Abstract

A Multirobot Path-Planning Strategy for Autonomous Wilderness Search and Rescue
Mobile robotics has played an increasingly important role in search and rescue efforts. The success of robotics in urban search and rescue environments has encouraged its expansion to wilderness search and rescue. Wilderness search and rescue presents unique challenges, including less predictable terrain, a moving target, and an increasing search area as time progresses. Current wilderness search and rescue groups primarily use human searchers; however, the authors believe that multirobot coordination results in more systematic coverage of the search area. This paper proposes a novel path-planning strategy for autonomous multirobot coordination in wilderness search and rescue scenarios.
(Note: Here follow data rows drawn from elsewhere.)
lemma computable1_enc_bit_replicate:
  assumes "rec_bool_map enc_sit S"
  shows "computable1 (\<lambda>n. enc_bit (S (replicate n False)))"
proof -
  obtain a where a: "computable1 a" and a_enc: "\<And>s. a (enc_sit s) = enc_bit (S s)"
    using assms unfolding rec_bool_map_def by blast
  have "computable 1 (\<lambda>xs. 2 ^ (xs ! 0) - 1)"
    by (intro computable_diff computable_const computable_compose1[OF computable1_power2]
        computable_proj) simp
  then have "computable1 (\<lambda>n. a (2 ^ n - 1))"
    unfolding computable1_iff by (rule computable_compose1[OF a])
  then show ?thesis by (simp add: a_enc[symmetric] enc_sit_replicate_False)
qed

lemma Suc_enc_bit: "Suc (enc_bit b) = (if b then 2 else 1)"
  by (simp add: enc_bit_def)

definition doubling_weight :: "(nat \<Rightarrow> bool) \<Rightarrow> nat \<Rightarrow> nat" where
  "doubling_weight T n = (\<Prod>k<n. if T k then 2 else 1)"

definition doubling_process :: "(nat \<Rightarrow> bool) \<Rightarrow> bool list \<Rightarrow> real" where
  "doubling_process T s = real (doubling_weight T (length s))"

definition doubling_multiplier :: "(nat \<Rightarrow> bool) \<Rightarrow> bool list \<Rightarrow> bool \<Rightarrow> real" where
  "doubling_multiplier T s x = (if T (length s) then 2 else 1)"

lemma doubling_process_Nil: "doubling_process T [] = 1"
  by (simp add: doubling_process_def doubling_weight_def)

lemma doubling_process_snoc:
  "doubling_process T (s @ [x]) = doubling_process T s * doubling_multiplier T s x"
  by (simp add: doubling_process_def doubling_weight_def doubling_multiplier_def)

lemma doubling_process_pos: "0 < doubling_process T s"
  by (simp add: doubling_process_def doubling_weight_def prod_pos)

lemma test_process_doubling_process: "test_process (doubling_process T)"
  unfolding test_process_def
  by (simp add: doubling_process_Nil doubling_process_pos less_imp_le)

lemma generated_by_doubling_multiplier:
  "generated_by (doubling_multiplier T) (doubling_process T)"
  unfolding generated_by_def by (simp add: doubling_process_Nil doubling_process_snoc)

lemma multiplier_process_doubling_multiplier: "multiplier_process (doubling_multiplier T)"
  unfolding multiplier_process_def doubling_multiplier_def by simp

lemma E_const: "E r (\<lambda>_. c) = c"
  by (simp add: E_def algebra_simps)

lemma sel_proc_doubling_process: "sel_proc r (doubling_process T) s \<longleftrightarrow> T (length s)"
proof -
  have Delta: "Delta (doubling_process T) t =
      (\<lambda>_. doubling_process T t * (doubling_multiplier T t False - 1))" for t
    by (simp add: fun_eq_iff Delta_def doubling_process_snoc doubling_multiplier_def algebra_simps)
  have E_pos: "0 < E r (Delta (doubling_process T) t) \<longleftrightarrow> T (length t)" for t
    using doubling_process_pos[of T t] by (simp add: Delta E_const doubling_multiplier_def)
  show ?thesis
    unfolding sel_proc_def E_pos by auto
qed

lemma computable1_doubling_weight:
  assumes "computable1 (\<lambda>n. enc_bit (T n))"
  shows "computable1 (doubling_weight T)"
proof -
  have "computable1 (\<lambda>n. \<Prod>k<n. Suc (enc_bit (T k)))"
    by (rule computable1_prod_lessThan[OF computable1_compose[OF computable1_Suc assms]])
  moreover have "doubling_weight T = (\<lambda>n. \<Prod>k<n. Suc (enc_bit (T k)))"
    by (simp add: fun_eq_iff doubling_weight_def Suc_enc_bit)
  ultimately show ?thesis by simp
qed

lemma rec_rat_map_doubling_process:
  assumes "computable1 (\<lambda>n. enc_bit (T n))"
  shows "rec_rat_map enc_sit (doubling_process T)"
  by (rule rec_rat_map_of_nat[OF computable1_compose[OF
        computable1_doubling_weight[OF assms] computable1_sit_length]])
    (simp add: doubling_process_def sit_length_enc_sit)

lemma doubling_process_in_F_C:
  assumes "computable1 (\<lambda>n. enc_bit (T n))"
  shows "doubling_process T \<in> F_C"
  unfolding F_C_def
  by (simp add: test_process_doubling_process doubling_process_pos rec_rat_map_doubling_process[OF assms])
    (simp add: doubling_process_def)

lemma doubling_process_in_F_ML:
  assumes "computable1 (\<lambda>n. enc_bit (T n))"
  shows "doubling_process T \<in> F_ML"
  unfolding F_ML_def
  by (simp add: test_process_doubling_process lower_semicomputable_if_rec_rat_map
      rec_rat_map_doubling_process[OF assms])

lemma doubling_process_in_F_wML:
  assumes "computable1 (\<lambda>n. enc_bit (T n))"
  shows "doubling_process T \<in> F_wML"
proof -
  let ?code = "\<lambda>(s, x). prod_encode (enc_sit s, enc_bit x)"
  have "computable1 (\<lambda>m. Suc (enc_bit (T (sit_length (fst (prod_decode m))))))"
    by (rule computable1_compose[OF computable1_Suc computable1_compose[OF assms
          computable1_compose[OF computable1_sit_length computable1_fst_prod_decode]]])
  then have "rec_rat_map ?code (\<lambda>(s, x). doubling_multiplier T s x)"
    by (rule rec_rat_map_of_nat)
      (simp add: doubling_multiplier_def sit_length_enc_sit Suc_enc_bit split: prod.split)
  then have lsc: "lower_semicomputable ?code (\<lambda>(s, x). doubling_multiplier T s x)"
    by (rule lower_semicomputable_if_rec_rat_map)
  show ?thesis
    unfolding F_wML_def
    by (intro CollectI conjI exI[of _ "doubling_multiplier T"] lsc test_process_doubling_process
        multiplier_process_doubling_multiplier generated_by_doubling_multiplier)
qed

lemma doubling_process_in_F_class:
  assumes "computable1 (\<lambda>n. enc_bit (T n))"
  shows "doubling_process T \<in> F_class R"
  using doubling_process_in_F_C[OF assms] doubling_process_in_F_ML[OF assms]
    doubling_process_in_F_wML[OF assms]
  by (cases R) simp_all

theorem proposition28:
  fixes p q :: real and R :: randomness and S :: "bool list \<Rightarrow> bool"
  assumes "p \<in> {0..1}" and "q \<in> {0..1}"
    and "temporal S" and "rec_bool_map enc_sit S"
  shows "S \<in> sel_class p q (F_class R)"
proof -
  define T where "T n = S (replicate n False)" for n
  have "computable1 (\<lambda>n. enc_bit (T n))"
    unfolding T_def by (rule computable1_enc_bit_replicate[OF \<open>rec_bool_map enc_sit S\<close>])
  then have "doubling_process T \<in> F_class R"
    by (rule doubling_process_in_F_class)
  moreover have "S = sel_proc p (doubling_process T)"
  proof
    fix s
    show "S s = sel_proc p (doubling_process T) s"
      using \<open>temporal S\<close> unfolding sel_proc_doubling_process temporal_def T_def
      by (metis length_replicate)
  qed
  ultimately show ?thesis
    unfolding sel_class_def by blast
qed

end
The investigators identify 3 important components when using multirobot coordination for wilderness search and rescue: planning initial paths, implementing and evaluating the paths, and replanning the paths if necessary. When creating a path to be followed by the robots, the investigators propose a novel process that creates boundaries using “iso-probability curves.” These curves are constructed based on rays from the last known point of the lost human subject. Multiple autonomously functioning robots that communicate with each other will cover these points on the curves, in the hope of finding the lost subject. Although robots capable of performing this function still need to be fully implemented, human teams can also utilize the iso-probability curves to develop improved and systemic search methods. Even though there are recognized limitations, including difficult terrain, the researchers’ proposal creates an effective model for robot path planning during wilderness search and rescue efforts.
(IEEE Trans Cybern. 2014 Nov 3 [Epub ahead of print]) A Macwan, J Vilela, G Nejat, B Benhabib.